To investigate the genetic architecture of these important traits, we used two major types of data for our analysis, namely (i) candidate gene lists and (ii) genome-wide association study results. The first one (candidate genes) comes from automated literature analysis by the HuGE Navigator, and provides information about the genes that were reported to be associated with a disorder. This information is mostly obtained in analyses of one or several candidate genes in small cohorts. As such studies are highly prevalent in the field of pregnancy complication studies, the analysis of candidate gene lists is more comprehensive and provides a high-level snapshot of the major molecular pathways and biological processes involved in the pathogenesis of traits. On the other hand, candidate gene studies are prone to high false positive rates, and most of the genotype-level associations reported in literature have weak statistical support (with a large proportion of studies reporting association p-values between 0.01 and 0.05 (e.g., [13,14]).

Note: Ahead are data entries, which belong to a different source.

lemma deriv_Cauchy_bound:
  assumes hol: "h holomorphic_on ball 0 R" and cont: "continuous_on (cball 0 R) h"
    and \<rho>: "0 < \<rho>" "norm x + \<rho> \<le> R" and M: "\<And>y. norm y \<le> R \<Longrightarrow> norm (h y) \<le> M"
  shows "norm (deriv h x) \<le> M / \<rho>"
proof -
  have "norm ((deriv ^^ 1) h x) \<le> fact 1 * M / \<rho>^1"
  proof (rule Cauchy_inequality)
    show "h holomorphic_on ball x \<rho>"
      by (rule holomorphic_on_subset[OF hol]) (use \<rho> in \<open>simp add: ball_subset_ball_iff dist_norm\<close>)
    show "continuous_on (cball x \<rho>) h"
      by (rule continuous_on_subset[OF cont]) (use \<rho> in \<open>simp add: cball_subset_cball_iff dist_norm\<close>)
    fix y assume "norm (x - y) = \<rho>"
    then show "norm (h y) \<le> M" using \<rho> norm_triangle_sub[of y x] by (intro M) (simp add: norm_minus_commute)
  qed (use \<rho> in auto)
  then show ?thesis by simp
qed

lemma taylor_coeff_has_contour_integral:
  assumes hol: "h holomorphic_on ball 0 R" and \<rho>: "0 < \<rho>" "\<rho> < R"
  shows "((\<lambda>t. h t / t^(Suc j)) has_contour_integral (2*pi*\<i> * taylor_coeff h j)) (circlepath 0 \<rho>)"
proof -
  have "((\<lambda>t. h t / (t - 0)^(Suc j)) has_contour_integral
          ((2*pi*\<i>) / (fact j) * (deriv ^^ j) h 0)) (circlepath 0 \<rho>)"
  proof (rule Cauchy_has_contour_integral_higher_derivative_circlepath)
    show "continuous_on (cball 0 \<rho>) h"
      by (rule holomorphic_on_imp_continuous_on, rule holomorphic_on_subset[OF hol]) (use \<rho> in auto)
    show "h holomorphic_on ball 0 \<rho>"
      by (rule holomorphic_on_subset[OF hol]) (use \<rho> in auto)
  qed (use \<rho> in auto)
  then show ?thesis by (simp add: taylor_coeff_def)
qed

lemma has_field_derivative_at_0_of_quotient_bound:
  fixes F :: "complex \<Rightarrow> complex"
  assumes C: "0 \<le> C" and bound: "\<And>u. u \<noteq> 0 \<Longrightarrow> norm u \<le> 1 \<Longrightarrow> norm ((F u - F 0) / u - D) \<le> C * norm u"
  shows "(F has_field_derivative D) (at 0)"
  unfolding DERIV_def LIM_eq
proof (intro allI impI)
  fix r :: real assume r: "0 < r"
  show "\<exists>s>0. \<forall>x. x \<noteq> 0 \<and> norm (x - 0) < s \<longrightarrow> norm ((F (0 + x) - F 0) / x - D) < r"
  proof (rule exI[of _ "min 1 (r / (C + 1))"], intro conjI allI impI)
    show "0 < min 1 (r / (C + 1))" using r C by auto
    fix x :: complex assume x: "x \<noteq> 0 \<and> norm (x - 0) < min 1 (r / (C + 1))"
    have "norm ((F x - F 0) / x - D) \<le> (C + 1) * norm x"
      using bound[of x] x by (smt (verit) mult_right_mono norm_ge_zero min_less_iff_conj diff_zero)
    also have "\<dots> < (C + 1) * (r / (C + 1))" using x C by (intro mult_strict_left_mono) auto
    also have "\<dots> = r" using C by simp
    finally show "norm ((F (0 + x) - F 0) / x - D) < r" by simp
  qed
qed

section \<open>Holomorphic functions of two variables on a bidisc\<close>

text \<open>Besides separate holomorphy, the definition asks for holomorphy along the cones
  \<open>t \<mapsto> (t, t u)\<close>, \<open>|u| \<le> 1\<close>: these are the restrictions to lines through the origin
  that enter the order-of-vanishing conditions.\<close>

definition bidisc_holomorphic :: "(complex \<Rightarrow> complex \<Rightarrow> complex) \<Rightarrow> real \<Rightarrow> bool" where
  "bidisc_holomorphic \<Psi> R \<longleftrightarrow> 0 < R \<and> continuous_on (cball 0 R \<times> cball 0 R) (\<lambda>(z,w). \<Psi> z w) \<and>
     (\<forall>w\<in>cball 0 R. (\<lambda>z. \<Psi> z w) holomorphic_on ball 0 R) \<and>
     (\<forall>z\<in>cball 0 R. (\<lambda>w. \<Psi> z w) holomorphic_on ball 0 R) \<and>
     (\<forall>u. norm u \<le> 1 \<longrightarrow> (\<lambda>t. \<Psi> t (t*u)) holomorphic_on ball 0 R)"

definition dw0 :: "(complex \<Rightarrow> complex \<Rightarrow> complex) \<Rightarrow> complex \<Rightarrow> complex" where
  "dw0 \<Psi> z = deriv (\<lambda>w. \<Psi> z w) 0"

context
  fixes \<Psi> :: "complex \<Rightarrow> complex \<Rightarrow> complex" and R :: real
  assumes bih: "bidisc_holomorphic \<Psi> R"
begin
(* Let $W=\mathfrak{S}_n$, $\ast=\mathrm{id}$, $w\in I_\ast$, and let $(s_{i_1},\dots,s_{i_k},w)$ be a reduced sequence. (1) If $k\ge2$ and $|i_{k-1}-i_k|>1$, then $(s_{i_1},\dots,s_{i_{k-2}},s_{i_k},s_{i_{k-1}},w)$ is a reduced sequence and $s_{i_1}\ltimes\cdots\ltimes s_{i_{k-1}}\ltimes s_{i_k}\ltimes w=s_{i_1}\ltimes\cdots\ltimes s_{i_{k-2}}\ltimes s_{i_k}\ltimes s_{i_{k-1}}\ltimes w$. (2) If $k\ge3$ and $i_{k-2}=i_k=i_{k-1}\pm1$, then $(s_{i_1},\dots,s_{i_{k-3}},s_{i_{k-1}},s_{i_k},s_{i_{k-1}},w)$ is a reduced sequence and $s_{i_1}\ltimes\cdots\ltimes s_{i_{k-3}}\ltimes s_{i_{k-2}}\ltimes s_{i_{k-1}}\ltimes s_{i_k}\ltimes w=s_{i_1}\ltimes\cdots\ltimes s_{i_{k-3}}\ltimes s_{i_{k-1}}\ltimes s_{i_k}\ltimes s_{i_{k-1}}\ltimes w$. (3) If $w=s_{i_k\pm1}$, then $(s_{i_1},\dots,s_{i_{k-1}},s_{i_k\pm1},s_{i_k})$ is a reduced sequence and $s_{i_1}\ltimes\cdots\ltimes s_{i_{k-1}}\ltimes s_{i_k}\ltimes s_{i_k\pm1}=s_{i_1}\ltimes\cdots\ltimes s_{i_{k-1}}\ltimes s_{i_k\pm1}\ltimes s_{i_k}$.
   Context: $\mathfrak{S}_n$ with $s_i=(i,i+1)$, $S=\{s_1,\dots,s_{n-1}\}$; $I_\ast=\{w\in\mathfrak{S}_n:w^2=1\}$. For $s\in S$, $w\in I_\ast$: $s\ltimes w=sw$ if $sw=ws$, $s\ltimes w=sws$ otherwise (so $s\ltimes1=s$); iterated from the right: $s_{i_1}\ltimes\cdots\ltimes s_{i_k}\ltimes w=s_{i_1}\ltimes(\cdots(s_{i_k}\ltimes w)\cdots)$, and an expression ending in $s_{i_k}$ means ending in $s_{i_k}\ltimes1$. $\rho(w)$ is the minimal $k$ such that $w=s_{i_1}\ltimes\cdots\ltimes s_{i_k}\ltimes1$ for some $s_{i_j}\in S$. A sequence $(s_{i_1},\dots,s_{i_k},w)$ with $w\in I_\ast$ is reduced if $\rho(s_{i_1}\ltimes\cdots\ltimes s_{i_k}\ltimes w)=\rho(w)+k$. *)

theory Defs
  imports "HOL-Combinatorics.Combinatorics"
begin

text \<open>The symmetric group on {1..n}: permutations are functions nat => nat permuting {1..n};
  the product sw is composition s o w.\<close>

definition Sym :: "nat \<Rightarrow> (nat \<Rightarrow> nat) set" where
  "Sym n = {w. w permutes {1..n}}"

definition Invol :: "nat \<Rightarrow> (nat \<Rightarrow> nat) set" where
  "Invol n = {w \<in> Sym n. w \<circ> w = id}"

definition sgen :: "nat \<Rightarrow> nat \<Rightarrow> nat" where
  "sgen i = transpose i (Suc i)"

definition gens :: "nat \<Rightarrow> nat set" where
  "gens n = {1..<n}"

definition tact :: "nat \<Rightarrow> (nat \<Rightarrow> nat) \<Rightarrow> (nat \<Rightarrow> nat)" where
  "tact i w = (if sgen i \<circ> w = w \<circ> sgen i then sgen i \<circ> w else sgen i \<circ> w \<circ> sgen i)"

Genome-wide association studies, in turn, could provide a broader understanding of the genetic risk factors of each trait because all of the possible loci are analyzed in such studies [15]. However, as a consequence of the experimental setup, large sample sizes and/or large genetic effects are required in order to robustly identify an association between a locus and a trait. As thus, traditional GWAS studies tend to have low statistical power and are prone to false negative results, especially when the sample size is not large enough (this limitation is especially relevant to pregnancy-related traits). These assumptions can explain the low number of identified candidate variants and loci in the GWAS Catalog and UKB-based analyses (Figure 3, Results Section 2.2 and Section 2.3).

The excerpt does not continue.